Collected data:
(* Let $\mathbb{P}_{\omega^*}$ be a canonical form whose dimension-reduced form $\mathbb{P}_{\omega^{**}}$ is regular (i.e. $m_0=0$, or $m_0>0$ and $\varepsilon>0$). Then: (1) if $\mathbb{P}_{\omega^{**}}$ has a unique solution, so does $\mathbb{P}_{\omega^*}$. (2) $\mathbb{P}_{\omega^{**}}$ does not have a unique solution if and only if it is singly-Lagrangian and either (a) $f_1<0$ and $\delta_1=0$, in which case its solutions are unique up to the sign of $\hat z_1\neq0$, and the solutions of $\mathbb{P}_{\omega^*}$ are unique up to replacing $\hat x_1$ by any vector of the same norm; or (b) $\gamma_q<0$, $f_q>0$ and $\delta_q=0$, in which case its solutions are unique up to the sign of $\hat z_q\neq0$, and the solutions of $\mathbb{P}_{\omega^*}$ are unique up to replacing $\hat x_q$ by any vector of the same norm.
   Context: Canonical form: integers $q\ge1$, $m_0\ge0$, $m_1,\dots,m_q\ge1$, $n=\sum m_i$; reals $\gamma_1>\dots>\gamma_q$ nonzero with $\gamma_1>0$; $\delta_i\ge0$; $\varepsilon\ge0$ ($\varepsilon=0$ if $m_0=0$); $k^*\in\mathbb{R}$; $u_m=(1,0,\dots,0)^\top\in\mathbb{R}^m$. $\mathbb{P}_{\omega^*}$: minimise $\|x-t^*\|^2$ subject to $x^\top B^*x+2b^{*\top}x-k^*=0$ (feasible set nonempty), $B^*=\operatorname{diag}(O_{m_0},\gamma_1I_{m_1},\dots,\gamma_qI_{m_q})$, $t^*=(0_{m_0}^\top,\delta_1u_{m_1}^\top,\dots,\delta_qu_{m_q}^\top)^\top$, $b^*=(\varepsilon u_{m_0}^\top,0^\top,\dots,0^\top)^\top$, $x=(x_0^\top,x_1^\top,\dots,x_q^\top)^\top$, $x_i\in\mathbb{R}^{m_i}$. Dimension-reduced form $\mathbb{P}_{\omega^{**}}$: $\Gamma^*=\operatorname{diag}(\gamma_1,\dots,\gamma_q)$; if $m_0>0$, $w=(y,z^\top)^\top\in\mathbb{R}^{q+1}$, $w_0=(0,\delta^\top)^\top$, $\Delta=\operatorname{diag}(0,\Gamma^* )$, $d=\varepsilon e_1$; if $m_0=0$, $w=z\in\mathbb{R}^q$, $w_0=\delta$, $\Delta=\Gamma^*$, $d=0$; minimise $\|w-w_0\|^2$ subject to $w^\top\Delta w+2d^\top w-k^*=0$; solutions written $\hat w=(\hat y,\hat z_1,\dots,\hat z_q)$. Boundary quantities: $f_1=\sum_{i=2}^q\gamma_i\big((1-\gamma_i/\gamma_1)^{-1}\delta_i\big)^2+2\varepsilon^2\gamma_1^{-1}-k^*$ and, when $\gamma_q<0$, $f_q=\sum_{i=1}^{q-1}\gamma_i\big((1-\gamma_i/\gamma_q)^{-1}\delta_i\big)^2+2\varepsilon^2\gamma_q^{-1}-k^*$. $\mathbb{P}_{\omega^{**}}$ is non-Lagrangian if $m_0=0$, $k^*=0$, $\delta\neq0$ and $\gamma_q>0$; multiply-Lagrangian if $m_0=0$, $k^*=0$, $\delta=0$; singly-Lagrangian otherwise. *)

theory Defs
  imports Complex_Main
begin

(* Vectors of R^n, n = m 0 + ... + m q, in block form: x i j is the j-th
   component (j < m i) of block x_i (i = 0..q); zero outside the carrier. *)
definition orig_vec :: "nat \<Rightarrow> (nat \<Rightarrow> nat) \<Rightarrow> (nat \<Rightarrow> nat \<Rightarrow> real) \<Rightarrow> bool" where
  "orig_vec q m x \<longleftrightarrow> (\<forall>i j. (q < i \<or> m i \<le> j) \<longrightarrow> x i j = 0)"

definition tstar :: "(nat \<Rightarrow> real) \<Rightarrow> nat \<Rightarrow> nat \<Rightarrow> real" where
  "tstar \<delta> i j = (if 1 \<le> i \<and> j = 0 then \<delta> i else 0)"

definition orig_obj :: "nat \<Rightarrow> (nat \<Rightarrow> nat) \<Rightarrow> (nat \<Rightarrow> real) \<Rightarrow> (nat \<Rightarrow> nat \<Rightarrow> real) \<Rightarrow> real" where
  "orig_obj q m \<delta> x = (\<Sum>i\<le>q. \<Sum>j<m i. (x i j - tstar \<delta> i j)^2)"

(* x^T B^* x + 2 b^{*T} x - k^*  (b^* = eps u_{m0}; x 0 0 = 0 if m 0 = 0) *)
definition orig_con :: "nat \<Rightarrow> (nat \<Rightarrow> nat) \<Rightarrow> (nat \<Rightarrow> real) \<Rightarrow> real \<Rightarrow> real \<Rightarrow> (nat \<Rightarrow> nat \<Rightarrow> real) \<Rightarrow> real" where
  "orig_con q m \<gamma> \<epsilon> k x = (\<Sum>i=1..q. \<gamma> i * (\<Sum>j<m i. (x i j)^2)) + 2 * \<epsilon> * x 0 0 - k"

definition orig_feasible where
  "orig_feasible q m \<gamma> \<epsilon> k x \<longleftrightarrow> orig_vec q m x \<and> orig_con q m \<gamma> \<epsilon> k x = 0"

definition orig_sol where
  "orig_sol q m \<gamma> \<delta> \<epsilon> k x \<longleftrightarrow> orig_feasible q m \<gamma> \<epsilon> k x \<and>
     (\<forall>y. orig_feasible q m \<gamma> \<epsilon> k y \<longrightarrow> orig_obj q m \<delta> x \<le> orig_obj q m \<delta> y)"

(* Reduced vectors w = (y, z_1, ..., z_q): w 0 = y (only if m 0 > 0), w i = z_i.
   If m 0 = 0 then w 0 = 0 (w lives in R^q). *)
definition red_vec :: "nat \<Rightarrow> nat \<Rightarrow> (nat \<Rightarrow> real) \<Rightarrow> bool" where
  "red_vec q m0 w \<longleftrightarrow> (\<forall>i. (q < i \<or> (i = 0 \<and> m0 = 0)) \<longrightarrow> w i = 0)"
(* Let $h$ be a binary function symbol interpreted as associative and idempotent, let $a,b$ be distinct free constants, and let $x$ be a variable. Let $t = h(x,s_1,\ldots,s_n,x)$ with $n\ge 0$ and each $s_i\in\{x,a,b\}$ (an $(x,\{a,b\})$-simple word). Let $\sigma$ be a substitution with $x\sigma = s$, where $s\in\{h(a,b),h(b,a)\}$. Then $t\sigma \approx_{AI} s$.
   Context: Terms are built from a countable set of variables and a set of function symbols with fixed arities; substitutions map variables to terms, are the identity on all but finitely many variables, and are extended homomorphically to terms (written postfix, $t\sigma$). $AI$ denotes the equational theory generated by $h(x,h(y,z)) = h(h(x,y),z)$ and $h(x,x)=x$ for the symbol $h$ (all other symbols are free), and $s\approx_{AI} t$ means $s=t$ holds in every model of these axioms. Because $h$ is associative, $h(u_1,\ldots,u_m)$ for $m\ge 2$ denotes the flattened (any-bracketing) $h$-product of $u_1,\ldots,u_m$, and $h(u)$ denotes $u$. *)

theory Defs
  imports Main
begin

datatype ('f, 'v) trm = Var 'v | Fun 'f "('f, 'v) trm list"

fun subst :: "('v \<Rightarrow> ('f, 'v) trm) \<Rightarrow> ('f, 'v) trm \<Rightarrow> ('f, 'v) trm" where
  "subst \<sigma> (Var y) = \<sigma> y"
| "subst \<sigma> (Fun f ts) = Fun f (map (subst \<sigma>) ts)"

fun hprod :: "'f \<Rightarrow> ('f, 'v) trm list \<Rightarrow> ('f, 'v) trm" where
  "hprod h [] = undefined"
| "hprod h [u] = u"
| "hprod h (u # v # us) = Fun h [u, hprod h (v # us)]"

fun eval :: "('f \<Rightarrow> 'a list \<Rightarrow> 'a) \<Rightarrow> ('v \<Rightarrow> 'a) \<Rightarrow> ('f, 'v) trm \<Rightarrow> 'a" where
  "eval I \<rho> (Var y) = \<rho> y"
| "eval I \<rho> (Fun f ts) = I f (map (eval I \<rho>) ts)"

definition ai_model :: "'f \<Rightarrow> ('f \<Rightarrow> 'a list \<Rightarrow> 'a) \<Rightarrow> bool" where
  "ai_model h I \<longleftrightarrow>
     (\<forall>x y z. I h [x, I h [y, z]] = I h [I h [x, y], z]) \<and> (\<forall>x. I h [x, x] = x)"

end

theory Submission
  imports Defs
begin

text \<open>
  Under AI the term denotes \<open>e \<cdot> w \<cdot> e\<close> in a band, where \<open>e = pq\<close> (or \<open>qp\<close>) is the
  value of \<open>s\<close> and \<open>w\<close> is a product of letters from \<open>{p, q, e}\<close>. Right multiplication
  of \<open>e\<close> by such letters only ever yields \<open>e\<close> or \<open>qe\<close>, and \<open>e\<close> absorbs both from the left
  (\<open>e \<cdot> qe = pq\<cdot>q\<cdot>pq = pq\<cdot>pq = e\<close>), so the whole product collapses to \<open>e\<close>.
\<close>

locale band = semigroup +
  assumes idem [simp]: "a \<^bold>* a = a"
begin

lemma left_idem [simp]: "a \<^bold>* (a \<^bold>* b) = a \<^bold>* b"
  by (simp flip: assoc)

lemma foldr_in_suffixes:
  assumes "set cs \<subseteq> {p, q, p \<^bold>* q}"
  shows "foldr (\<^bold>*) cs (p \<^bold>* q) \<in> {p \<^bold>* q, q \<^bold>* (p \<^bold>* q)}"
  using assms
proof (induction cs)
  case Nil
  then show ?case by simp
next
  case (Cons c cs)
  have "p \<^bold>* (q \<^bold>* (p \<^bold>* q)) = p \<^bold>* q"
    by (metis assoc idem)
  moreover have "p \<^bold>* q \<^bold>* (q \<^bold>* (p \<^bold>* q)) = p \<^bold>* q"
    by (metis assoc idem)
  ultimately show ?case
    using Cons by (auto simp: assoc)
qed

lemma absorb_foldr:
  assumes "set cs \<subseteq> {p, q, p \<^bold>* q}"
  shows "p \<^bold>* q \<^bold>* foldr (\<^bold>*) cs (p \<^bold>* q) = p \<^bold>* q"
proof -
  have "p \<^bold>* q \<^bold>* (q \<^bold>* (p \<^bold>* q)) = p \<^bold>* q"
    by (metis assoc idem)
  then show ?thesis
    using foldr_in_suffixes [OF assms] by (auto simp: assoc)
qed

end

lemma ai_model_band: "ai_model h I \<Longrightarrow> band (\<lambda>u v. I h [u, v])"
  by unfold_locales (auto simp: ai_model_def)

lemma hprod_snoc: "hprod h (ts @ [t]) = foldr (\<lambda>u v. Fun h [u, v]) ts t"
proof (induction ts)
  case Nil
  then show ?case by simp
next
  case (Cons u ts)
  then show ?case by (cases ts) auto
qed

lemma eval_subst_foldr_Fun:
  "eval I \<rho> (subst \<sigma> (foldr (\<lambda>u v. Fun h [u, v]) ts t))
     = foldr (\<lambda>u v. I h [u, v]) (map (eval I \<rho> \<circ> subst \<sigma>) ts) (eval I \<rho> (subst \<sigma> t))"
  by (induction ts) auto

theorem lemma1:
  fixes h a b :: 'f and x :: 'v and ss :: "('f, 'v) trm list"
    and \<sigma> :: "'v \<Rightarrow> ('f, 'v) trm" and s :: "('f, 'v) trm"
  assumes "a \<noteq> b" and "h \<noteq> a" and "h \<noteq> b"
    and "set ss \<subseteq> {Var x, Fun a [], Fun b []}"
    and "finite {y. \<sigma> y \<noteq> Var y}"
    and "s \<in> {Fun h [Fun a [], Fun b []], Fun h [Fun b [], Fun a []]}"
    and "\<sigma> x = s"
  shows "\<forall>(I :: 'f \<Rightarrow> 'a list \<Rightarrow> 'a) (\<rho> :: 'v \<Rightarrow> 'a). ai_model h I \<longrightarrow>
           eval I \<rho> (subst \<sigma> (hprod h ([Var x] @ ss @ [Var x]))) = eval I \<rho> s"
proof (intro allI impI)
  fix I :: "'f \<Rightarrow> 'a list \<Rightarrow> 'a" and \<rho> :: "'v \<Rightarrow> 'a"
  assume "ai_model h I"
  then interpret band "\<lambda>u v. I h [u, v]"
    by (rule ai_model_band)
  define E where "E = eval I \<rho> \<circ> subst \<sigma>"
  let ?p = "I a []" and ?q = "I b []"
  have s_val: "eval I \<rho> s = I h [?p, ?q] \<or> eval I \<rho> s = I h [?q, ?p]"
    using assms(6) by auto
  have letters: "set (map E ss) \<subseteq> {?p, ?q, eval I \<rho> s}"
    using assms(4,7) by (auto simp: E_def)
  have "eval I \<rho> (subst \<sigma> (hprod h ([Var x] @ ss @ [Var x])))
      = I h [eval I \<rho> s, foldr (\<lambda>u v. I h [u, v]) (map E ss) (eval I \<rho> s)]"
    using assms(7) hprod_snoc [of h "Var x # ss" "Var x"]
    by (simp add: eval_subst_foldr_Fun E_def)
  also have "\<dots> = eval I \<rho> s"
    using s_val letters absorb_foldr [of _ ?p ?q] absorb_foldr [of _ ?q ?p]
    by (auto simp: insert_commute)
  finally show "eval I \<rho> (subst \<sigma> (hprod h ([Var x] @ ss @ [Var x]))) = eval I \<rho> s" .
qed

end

Instructions for the task:
Above are records; repeat only the lines starting at the line with "y) = \<sigma>" and ending at the line with "I \<rho> (Var", exactly as they appear, both included.

Response area:
  "subst \<sigma> (Var y) = \<sigma> y"
| "subst \<sigma> (Fun f ts) = Fun f (map (subst \<sigma>) ts)"

fun hprod :: "'f \<Rightarrow> ('f, 'v) trm list \<Rightarrow> ('f, 'v) trm" where
  "hprod h [] = undefined"
| "hprod h [u] = u"
| "hprod h (u # v # us) = Fun h [u, hprod h (v # us)]"

fun eval :: "('f \<Rightarrow> 'a list \<Rightarrow> 'a) \<Rightarrow> ('v \<Rightarrow> 'a) \<Rightarrow> ('f, 'v) trm \<Rightarrow> 'a" where
  "eval I \<rho> (Var y) = \<rho> y"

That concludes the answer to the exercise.